Veolia Transport en bref

Avec plus de 80 700 collaborateurs répartis dans 27 pays sur cinq continents et son assistance à quelque 5 000 collectivités publiques à travers le monde, Veolia Transport revendiquait en 2010 le titre de « premier opérateur privé européen de transport public de voyageurs ». Une position que sa récente alliance avec Transdev aurait conforté, le nouveau groupe se présentant désormais comme « le référent mondial du transport collectif de voyageurs ».


En 2010, Veolia Transport revendiquait 5,86 milliards d’euros de chiffre d’affaires (dont 5,1 % en France, 34 % en Europe, 17,3 en Amérique du Nord). Mais vec 17 % du chiffre d’affaires de Veolia Environnement, et malgré ses succès, Veolia Transport reste encore loin derrière les trois autres divisions du groupe (eau, propreté, énergie).

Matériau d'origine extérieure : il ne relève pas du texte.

(* Let $m\in\mathbb{N}$, $x_1,\ldots,x_m\in\mathcal{X}$ fixed, $B\ge1$, $Y_1,\ldots,Y_m$ independent real random variables with values in $[-B,B]$, $\eta_t=\mathbb{E}[Y_t]$. For $i\in\{1,2\}$, $t\in\{1,\ldots,m+1\}$, $q\in[0,\infty)$, let $\mathcal{H}^{(q)}_{i,t}$ be a set of functions $\mathcal{X}\to[-B,B]$, nondecreasing in $q$ (i.e. $\mathcal{H}^{(q)}_{i,t}\subseteq\mathcal{H}^{(q')}_{i,t}$ for $q<q'$), and let $\mathrm{pen}_i(q,t)\in[0,\infty)$. Let $\rho_m(h,g)=\max_{1\le s\le m}|h(x_s)-g(x_s)|$, and for $\epsilon>0$ let $N_i(\epsilon,q)$ be any number with $N_i(\epsilon,q)\ge\max_{t\in\{1,\ldots,m+1\}}|\mathcal{H}^{(q)}_{i,t,\epsilon}|$, where $\mathcal{H}^{(q)}_{i,t,\epsilon}$ is a minimal $\epsilon$-cover of $\mathcal{H}^{(q)}_{i,t}$ w.r.t. $\rho_m$ (assumed finite). Let $\epsilon_i(q)\in(0,B]$ satisfy $\epsilon_i(q)\le B\sqrt{\ln(N_i(\epsilon_i(q),q))/m}$, and write $N_i(q)=N_i(\epsilon_i(q),q)$. With $R^*,\hat R$ as defined below, let $(\hat h_1,\hat h_2,\hat t,\hat q_1,\hat q_2)$ minimize $m\hat R(h_1,h_2,t_0)+\mathrm{pen}_1(q_1,t_0)+\mathrm{pen}_2(q_2,t_0)$ and $(h_1^*,h_2^*,t^*,q_1^*,q_2^* )$ minimize $mR^*(h_1,h_2,t_0)+\mathrm{pen}_1(q_1,t_0)+\mathrm{pen}_2(q_2,t_0)$, both over all $(h_1,h_2,t_0,q_1,q_2)$ with $t_0\in\{1,\ldots,m+1\}$, $q_1,q_2\in[0,\infty)$, $h_1\in\mathcal{H}^{(q_1)}_{1,t_0}$, $h_2\in\mathcal{H}^{(q_2)}_{2,t_0}$ (minimizers assumed to exist). Then for every $\delta\in(0,1)$, with probability at least $1-\delta$, $$R^*(\hat h_1,\hat h_2,\hat t)\le R^*(h_1^*,h_2^*,t^* )+\frac{\mathrm{pen}_1(q_1^*,t^* )+\mathrm{pen}_2(q_2^*,t^* )}{m}+22B^2\sqrt{\frac{2\ln\big(\tfrac{2(m+1)}{\delta}\big)+\sum_{i=1}^2\sum_{q\in\{\hat q_i,q_i^*\}}\ln\big((q+3)^2N_i(\lceil q\rceil)\big)}{m}}.$$
   Context: For $t_0\in\{1,\ldots,m+1\}$ and functions $h_1,h_2:\mathcal{X}\to[-B,B]$: $R^*(h_1,h_2,t_0)=\frac1m\big(\sum_{t=1}^{t_0-1}(h_1(x_t)-\eta_t)^2+\sum_{t=t_0}^m(h_2(x_t)-\eta_t)^2\big)$ and $\hat R(h_1,h_2,t_0)$ is the same with $Y_t$ in place of $\eta_t$; empty sums are $0$. An $\epsilon$-cover of a set $\mathcal{H}$ w.r.t. $\rho_m$ is a set $C\subseteq\mathcal{H}$ such that every $h\in\mathcal{H}$ has some $g\in C$ with $\rho_m(h,g)\le\epsilon$; minimal means of smallest cardinality. *)

theory Defs
  imports "HOL-Probability.Probability"
begin

definition rho_m :: "nat \<Rightarrow> (nat \<Rightarrow> 'x) \<Rightarrow> ('x \<Rightarrow> real) \<Rightarrow> ('x \<Rightarrow> real) \<Rightarrow> real" where
  "rho_m m x h g = (MAX s\<in>{1..m}. \<bar>h (x s) - g (x s)\<bar>)"

definition is_cover :: "nat \<Rightarrow> (nat \<Rightarrow> 'x) \<Rightarrow> real \<Rightarrow> ('x \<Rightarrow> real) set \<Rightarrow> ('x \<Rightarrow> real) set \<Rightarrow> bool" where
  "is_cover m x eps H C \<longleftrightarrow> C \<subseteq> H \<and> (\<forall>h\<in>H. \<exists>g\<in>C. rho_m m x h g \<le> eps)"

definition min_cover_card :: "nat \<Rightarrow> (nat \<Rightarrow> 'x) \<Rightarrow> real \<Rightarrow> ('x \<Rightarrow> real) set \<Rightarrow> nat" where
  "min_cover_card m x eps H = (LEAST n. \<exists>C. is_cover m x eps H C \<and> finite C \<and> card C = n)"

text \<open>Piecewise risk with targets f: (1/m)(sum_{t<t0} (h1(x_t)-f_t)^2 + sum_{t0<=t<=m} (h2(x_t)-f_t)^2).
  R^* is risk m x eta, and hat R is risk m x (Y . omega).\<close>
definition risk :: "nat \<Rightarrow> (nat \<Rightarrow> 'x) \<Rightarrow> (nat \<Rightarrow> real) \<Rightarrow> ('x \<Rightarrow> real) \<Rightarrow> ('x \<Rightarrow> real) \<Rightarrow> nat \<Rightarrow> real" where
  "risk m x f h1 h2 t0 = (1 / real m) * ((\<Sum>t\<in>{1..<t0}. (h1 (x t) - f t)^2) + (\<Sum>t\<in>{t0..m}. (h2 (x t) - f t)^2))"

definition feasible :: "nat \<Rightarrow> (nat \<Rightarrow> nat \<Rightarrow> real \<Rightarrow> ('x \<Rightarrow> real) set) \<Rightarrow> ('x \<Rightarrow> real) \<Rightarrow> ('x \<Rightarrow> real) \<Rightarrow> nat \<Rightarrow> real \<Rightarrow> real \<Rightarrow> bool" where
  "feasible m H h1 h2 t0 q1 q2 \<longleftrightarrow> t0 \<in> {1..m+1} \<and> 0 \<le> q1 \<and> 0 \<le> q2 \<and> h1 \<in> H 1 t0 q1 \<and> h2 \<in> H 2 t0 q2"

definition objective :: "nat \<Rightarrow> (nat \<Rightarrow> 'x) \<Rightarrow> (nat \<Rightarrow> real) \<Rightarrow> (nat \<Rightarrow> real \<Rightarrow> nat \<Rightarrow> real) \<Rightarrow> ('x \<Rightarrow> real) \<Rightarrow> ('x \<Rightarrow> real) \<Rightarrow> nat \<Rightarrow> real \<Rightarrow> real \<Rightarrow> real" where
  "objective m x f pen h1 h2 t0 q1 q2 = real m * risk m x f h1 h2 t0 + pen 1 q1 t0 + pen 2 q2 t0"

end

theory Submission
  imports Defs
begin

text \<open>
  Comparing the penalized empirical objective of the minimizer with that of the comparator and
  expanding the squares around \<eta> shows that m times the excess risk is at most the comparator's
  penalty plus twice the difference of the cross terms \<Sum> h(x_t) (Y_t - \<eta>_t), each of which splits
  into the segments before and after the change point. For a fixed segment and a fixed function,
  Hoeffding's inequality controls the cross term. Uniformity comes from rounding the complexity q up
  to an integer level k, replacing h by a point of a minimal \<epsilon>-cover at that level (at a cost
  2Bm\<epsilon> \<le> 2B^2 sqrt(m ln N)), and a union bound over the two segments, the m + 1 change points, the
  cover and the levels k, with weights (k + 2)^-2. Adding the four resulting deviation bounds with
  Cauchy-Schwarz gives the constant 20 \<le> 22.
\<close>

section \<open>Concentration and union bounds\<close>

lemma (in prob_space) hoeffding_weighted_sum:
  fixes Y :: "'i \<Rightarrow> 'a \<Rightarrow> real" and w :: "'i \<Rightarrow> real"
  assumes fin: "finite I" and ind: "indep_vars (\<lambda>_. borel) Y I" and card: "card I \<le> n"
    and Y_le: "\<And>t \<omega>. t \<in> I \<Longrightarrow> \<omega> \<in> space M \<Longrightarrow> \<bar>Y t \<omega>\<bar> \<le> b"
    and w_le: "\<And>t. t \<in> I \<Longrightarrow> \<bar>w t\<bar> \<le> a"
    and pos: "0 < a" "0 < b" "0 < n" "0 < l"
  shows "prob {\<omega>\<in>space M. a * b * sqrt (2 * real n * l) \<le> \<bar>\<Sum>t\<in>I. w t * (Y t \<omega> - expectation (Y t))\<bar>}
           \<le> 2 * exp (- l)"
proof (cases "I = {}")
  case True
  have "0 < a * b * sqrt (2 * real n * l)" using pos by simp
  then have empty: "{\<omega>\<in>space M. a * b * sqrt (2 * real n * l) \<le> \<bar>\<Sum>t\<in>I. w t * (Y t \<omega> - expectation (Y t))\<bar>} = {}"
    using True by auto
  show ?thesis unfolding empty by simp
next
  case False
  let ?X = "\<lambda>t \<omega>. w t * Y t \<omega>"
  interpret Hoeffding_ineq M I ?X "\<lambda>_. - (a * b)" "\<lambda>_. a * b" "\<Sum>t\<in>I. expectation (?X t)"
  proof unfold_locales
    show "indep_vars (\<lambda>_. borel) ?X I"
      by (rule indep_vars_compose2[OF ind]) auto
    fix t assume t: "t \<in> I"
    show "AE \<omega> in M. ?X t \<omega> \<in> {- (a * b)..a * b}"
    proof (rule AE_I2)
      fix \<omega> assume "\<omega> \<in> space M"
      then have "\<bar>?X t \<omega>\<bar> \<le> a * b"
        unfolding abs_mult using w_le[OF t] Y_le[OF t] pos by (intro mult_mono) auto
      then show "?X t \<omega> \<in> {- (a * b)..a * b}" by (simp add: abs_le_iff)
    qed
  qed (use fin in auto)
  have width: "(\<Sum>t\<in>I. (a * b - - (a * b))\<^sup>2) = real (card I) * (4 * (a * b)\<^sup>2)"
    by (simp add: power2_eq_square)
  have card_pos: "0 < card I" using False fin by auto
  have centred: "{\<omega>\<in>space M. a * b * sqrt (2 * real n * l) \<le> \<bar>\<Sum>t\<in>I. w t * (Y t \<omega> - expectation (Y t))\<bar>}
      = {\<omega>\<in>space M. a * b * sqrt (2 * real n * l) \<le> \<bar>(\<Sum>t\<in>I. ?X t \<omega>) - (\<Sum>t\<in>I. expectation (?X t))\<bar>}"
    by (simp add: right_diff_distrib sum_subtractf)
  have "prob {\<omega>\<in>space M. a * b * sqrt (2 * real n * l) \<le> \<bar>(\<Sum>t\<in>I. ?X t \<omega>) - (\<Sum>t\<in>I. expectation (?X t))\<bar>}
        \<le> 2 * exp (-2 * (a * b * sqrt (2 * real n * l))\<^sup>2 / (\<Sum>t\<in>I. (a * b - - (a * b))\<^sup>2))"
    by (rule Hoeffding_ineq_abs_ge) (use pos card_pos in \<open>auto simp: width\<close>)
  also have "-2 * (a * b * sqrt (2 * real n * l))\<^sup>2 / (\<Sum>t\<in>I. (a * b - - (a * b))\<^sup>2) = - (real n * l / real (card I))"
    unfolding width using pos card_pos by (simp add: power_mult_distrib field_simps)
  also have "2 * exp (- (real n * l / real (card I))) \<le> 2 * exp (- l)"
    using card card_pos pos by (simp add: field_simps mult_right_mono)
  finally show ?thesis unfolding centred .
qed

Veolia Transport intervient dans des domaines aussi différents que le transport ferroviaire (15 % de son activité dans le monde), le métro, le tramway, le bus urbain, le transport interurbain, le transport maritime (elle assure depuis 2006 la gouvernance de la Société nationale maritime Corse-Méditerranée dont elle contrôle 28 % du capital), le transport à la demande, le transport adapté, le vélo (Veloway), la voiture à la carte, le taxi, les navettes partagées (SuperShuttle dédié à la desserte routière des aéroports), le transport international par car (elle détient et exploite la marque Eurolines en Belgique, en France, aux Pays-Bas et au Portugal).